Goal of the exercise
In the data that follows, find the line with "(NL k) = NL"; transcribe it, every later line up to the one with "AtNb (rename_nbh f", and that line as well, exactly and with no others.

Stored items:
lemma finite_seq_nvars: "finite (seq_nvars S)"
proof -
  have "finite (nb_vars a)" for a by (cases a) auto
  then have "finite (lf_nvars \<phi>)" for \<phi> :: "'p lf" by (cases \<phi>) auto
  then show ?thesis by (auto simp: seq_nvars_def)
qed

fun rename_nbh :: "(nat \<Rightarrow> nat) \<Rightarrow> (nat \<Rightarrow> nat) \<Rightarrow> nbh \<Rightarrow> nbh" where
  "rename_nbh f g (NL k) = NL (g k)"
| "rename_nbh f g (Sing x) = Sing (f x)"

fun rename_lf :: "(nat \<Rightarrow> nat) \<Rightarrow> (nat \<Rightarrow> nat) \<Rightarrow> 'p lf \<Rightarrow> 'p lf" where
  "rename_lf f g (InN a x) = InN (rename_nbh f g a) (f x)"
| "rename_lf f g (Mem x a) = Mem (f x) (rename_nbh f g a)"
| "rename_lf f g (Sub a b) = Sub (rename_nbh f g a) (rename_nbh f g b)"
| "rename_lf f g (Lab x A) = Lab (f x) A"
| "rename_lf f g (Ex a A) = Ex (rename_nbh f g a) A"
| "rename_lf f g (All a A) = All (rename_nbh f g a) A"
| "rename_lf f g (Cnd x a A B) = Cnd (f x) (rename_nbh f g a) A B"

definition rename_seq :: "(nat \<Rightarrow> nat) \<Rightarrow> (nat \<Rightarrow> nat) \<Rightarrow> 'p seq \<Rightarrow> 'p seq" where
  "rename_seq f g S = (image_mset (rename_lf f g) (fst S), image_mset (rename_lf f g) (snd S))"

fun rename_atshape :: "(nat \<Rightarrow> nat) \<Rightarrow> (nat \<Rightarrow> nat) \<Rightarrow> 'p atshape \<Rightarrow> 'p atshape" where
  "rename_atshape f g (AtP p) = AtP p"
| "rename_atshape f g (AtMem a) = AtMem (rename_nbh f g a)"
| "rename_atshape f g (AtNb a) = AtNb (rename_nbh f g a)"

lemma rename_lf_atx [simp]: "rename_lf f g (atx s x) = atx (rename_atshape f g s) (f x)"
  by (cases s) auto

lemma nb_worlds_rename [simp]: "nb_worlds (rename_nbh f g a) = f ` nb_worlds a"
  by (cases a) auto

lemma lf_worlds_rename [simp]: "lf_worlds (rename_lf f g \<phi>) = f ` lf_worlds \<phi>"
  by (cases \<phi>) auto

lemma nb_vars_rename [simp]: "nb_vars (rename_nbh f g a) = g ` nb_vars a"
  by (cases a) auto

lemma lf_nvars_rename [simp]: "lf_nvars (rename_lf f g \<phi>) = g ` lf_nvars \<phi>"
  by (cases \<phi>) auto

lemma seq_worlds_rename [simp]: "seq_worlds (rename_seq f g S) = f ` seq_worlds S"
  by (auto simp: seq_worlds_def rename_seq_def)

lemma seq_nvars_rename [simp]: "seq_nvars (rename_seq f g S) = g ` seq_nvars S"
  by (auto simp: seq_nvars_def rename_seq_def)

lemma rename_seq_add [simp]: "rename_seq f g (S + W) = rename_seq f g S + rename_seq f g W"
  by (simp add: rename_seq_def)

lemma rename_nbh_ident:
  "\<forall>x\<in>nb_worlds a. f x = x \<Longrightarrow> \<forall>k\<in>nb_vars a. g k = k \<Longrightarrow> rename_nbh f g a = a"
  by (cases a) auto

lemma rename_lf_ident:
  "\<forall>x\<in>lf_worlds \<phi>. f x = x \<Longrightarrow> \<forall>k\<in>lf_nvars \<phi>. g k = k \<Longrightarrow> rename_lf f g \<phi> = \<phi>"
  by (cases \<phi>) (auto simp: rename_nbh_ident)

lemma rename_seq_ident:
  assumes "\<forall>x\<in>seq_worlds S. f x = x" and "\<forall>k\<in>seq_nvars S. g k = k"
  shows "rename_seq f g S = S"
  using assms unfolding rename_seq_def seq_worlds_def seq_nvars_def
  by (auto simp: prod_eq_iff intro!: multiset.map_ident_strong rename_lf_ident)

lemma rename_seq_id [simp]: "rename_seq id id S = S"
  by (rule rename_seq_ident) auto

lemma contr_map: "contr ps l \<Longrightarrow> contr (map h ps) (map h l)"
  unfolding contr_def by (auto intro: image_mset_subseteq_mono)

section \<open>Rule instances without context\<close>

(* active_inst R Ps C Ew Ev: an instance of R with empty context, with eigen world labels Ew and
   eigen neighbourhood labels Ev; an instance of rinst is one of these extended by a context in
   which Ew and Ev are fresh. *)
inductive active_inst :: "rname \<Rightarrow> 'p seq list \<Rightarrow> 'p seq \<Rightarrow> nat set \<Rightarrow> nat set \<Rightarrow> bool" where
  "active_inst LAnd [({#Lab x A, Lab x B#}, {#})] ({#Lab x (And A B)#}, {#}) {} {}"
| "active_inst RAnd [({#}, {#Lab x A#}), ({#}, {#Lab x B#})] ({#}, {#Lab x (And A B)#}) {} {}"
| "active_inst LOr [({#Lab x A#}, {#}), ({#Lab x B#}, {#})] ({#Lab x (Or A B)#}, {#}) {} {}"
| "active_inst ROr [({#}, {#Lab x A, Lab x B#})] ({#}, {#Lab x (Or A B)#}) {} {}"
| "active_inst LImp [({#}, {#Lab x A#}), ({#Lab x B#}, {#})] ({#Lab x (Imp A B)#}, {#}) {} {}"
| "active_inst RImp [({#Lab x A#}, {#Lab x B#})] ({#}, {#Lab x (Imp A B)#}) {} {}"
| "active_inst LAll [({#Lab x A, Mem x a, All a A#}, {#})] ({#Mem x a, All a A#}, {#}) {} {}"
| "x \<notin> nb_worlds a \<Longrightarrow>
   active_inst RAll [({#Mem x a#}, {#Lab x A#})] ({#}, {#All a A#}) {x} {}"
| "x \<notin> nb_worlds a \<Longrightarrow>
   active_inst LEx [({#Mem x a, Lab x A#}, {#})] ({#Ex a A#}, {#}) {x} {}"
| "active_inst REx [({#Mem x a#}, {#Lab x A, Ex a A#})] ({#Mem x a#}, {#Ex a A#}) {} {}"
| "active_inst RCond [({#InN (NL k) x, Ex (NL k) A#}, {#Cnd x (NL k) A B#})]
     ({#}, {#Lab x (Cond A B)#}) {} {k}"
| "active_inst LCond [({#InN a x, Lab x (Cond A B)#}, {#Ex a A#}),
                      ({#Cnd x a A B, InN a x, Lab x (Cond A B)#}, {#})]
     ({#InN a x, Lab x (Cond A B)#}, {#}) {} {}"
| "active_inst RBar [({#InN c x, Sub c a#}, {#Cnd x a A B, Ex c A#}),
                     ({#InN c x, Sub c a#}, {#Cnd x a A B, All c (Imp A B)#})]
     ({#InN c x, Sub c a#}, {#Cnd x a A B#}) {} {}"
| "k \<notin> nb_vars a \<Longrightarrow>
   active_inst LBar [({#InN (NL k) x, Sub (NL k) a, Ex (NL k) A, All (NL k) (Imp A B)#}, {#})]
     ({#Cnd x a A B#}, {#}) {} {k}"
| "active_inst Ref [({#Sub a a#}, {#})] ({#}, {#}) {} {}"
| "active_inst Tr [({#Sub c a, Sub c b, Sub b a#}, {#})] ({#Sub c b, Sub b a#}, {#}) {} {}"
| "active_inst LSub [({#Mem x a, Sub a b, Mem x b#}, {#})] ({#Mem x a, Sub a b#}, {#}) {} {}"
| "active_inst RuleN [({#InN (NL k) x#}, {#})] ({#}, {#}) {} {k}"
| "y \<notin> nb_worlds a \<Longrightarrow> y \<noteq> x \<Longrightarrow>
   active_inst Rule0 [({#Mem y a, InN a x#}, {#})] ({#InN a x#}, {#}) {y} {}"
| "active_inst RuleT [({#Mem x (NL k), InN (NL k) x#}, {#})] ({#}, {#}) {} {k}"
| "active_inst RuleW [({#Mem x a, InN a x#}, {#})] ({#InN a x#}, {#}) {} {}"
| "active_inst Single [({#Mem x (Sing x), InN (Sing x) x#}, {#})] ({#InN (Sing x) x#}, {#}) {} {}"
| "active_inst RuleC [({#InN (Sing x) x, Sub (Sing x) a, InN a x#}, {#})] ({#InN a x#}, {#}) {} {}"
| "active_inst Repl1 [({#Mem y (Sing x), atx s x, atx s y#}, {#})]
     ({#Mem y (Sing x), atx s x#}, {#}) {} {}"
| "active_inst Repl2 [({#Mem y (Sing x), atx s x, atx s y#}, {#})]
     ({#Mem y (Sing x), atx s y#}, {#}) {} {}"
| "contr ps [InN a x, Mem y a, InN b y, Mem z b] \<Longrightarrow> k \<notin> seq_nvars (mset ps, {#}) \<Longrightarrow>
   active_inst U1 [({#Mem z (NL k), InN (NL k) x#} + mset ps, {#})] (mset ps, {#}) {} {k}"
| "contr ps [InN a x, Mem y a, InN b x, Mem z b] \<Longrightarrow> k \<notin> seq_nvars (mset ps, {#}) \<Longrightarrow>
   active_inst U2 [({#Mem z (NL k), InN (NL k) y#} + mset ps, {#})] (mset ps, {#}) {} {k}"
| "contr ps [InN a x, Mem y a, InN b x] \<Longrightarrow>
   active_inst A1 [({#InN b y#} + mset ps, {#})] (mset ps, {#}) {} {}"
| "active_inst A2 [({#InN b x, InN a x, Mem y a, InN b y#}, {#})]
     ({#InN a x, Mem y a, InN b y#}, {#}) {} {}"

Problem solution
  "rename_nbh f g (NL k) = NL (g k)"
| "rename_nbh f g (Sing x) = Sing (f x)"

fun rename_lf :: "(nat \<Rightarrow> nat) \<Rightarrow> (nat \<Rightarrow> nat) \<Rightarrow> 'p lf \<Rightarrow> 'p lf" where
  "rename_lf f g (InN a x) = InN (rename_nbh f g a) (f x)"
| "rename_lf f g (Mem x a) = Mem (f x) (rename_nbh f g a)"
| "rename_lf f g (Sub a b) = Sub (rename_nbh f g a) (rename_nbh f g b)"
| "rename_lf f g (Lab x A) = Lab (f x) A"
| "rename_lf f g (Ex a A) = Ex (rename_nbh f g a) A"
| "rename_lf f g (All a A) = All (rename_nbh f g a) A"
| "rename_lf f g (Cnd x a A B) = Cnd (f x) (rename_nbh f g a) A B"

definition rename_seq :: "(nat \<Rightarrow> nat) \<Rightarrow> (nat \<Rightarrow> nat) \<Rightarrow> 'p seq \<Rightarrow> 'p seq" where
  "rename_seq f g S = (image_mset (rename_lf f g) (fst S), image_mset (rename_lf f g) (snd S))"

fun rename_atshape :: "(nat \<Rightarrow> nat) \<Rightarrow> (nat \<Rightarrow> nat) \<Rightarrow> 'p atshape \<Rightarrow> 'p atshape" where
  "rename_atshape f g (AtP p) = AtP p"
| "rename_atshape f g (AtMem a) = AtMem (rename_nbh f g a)"
| "rename_atshape f g (AtNb a) = AtNb (rename_nbh f g a)"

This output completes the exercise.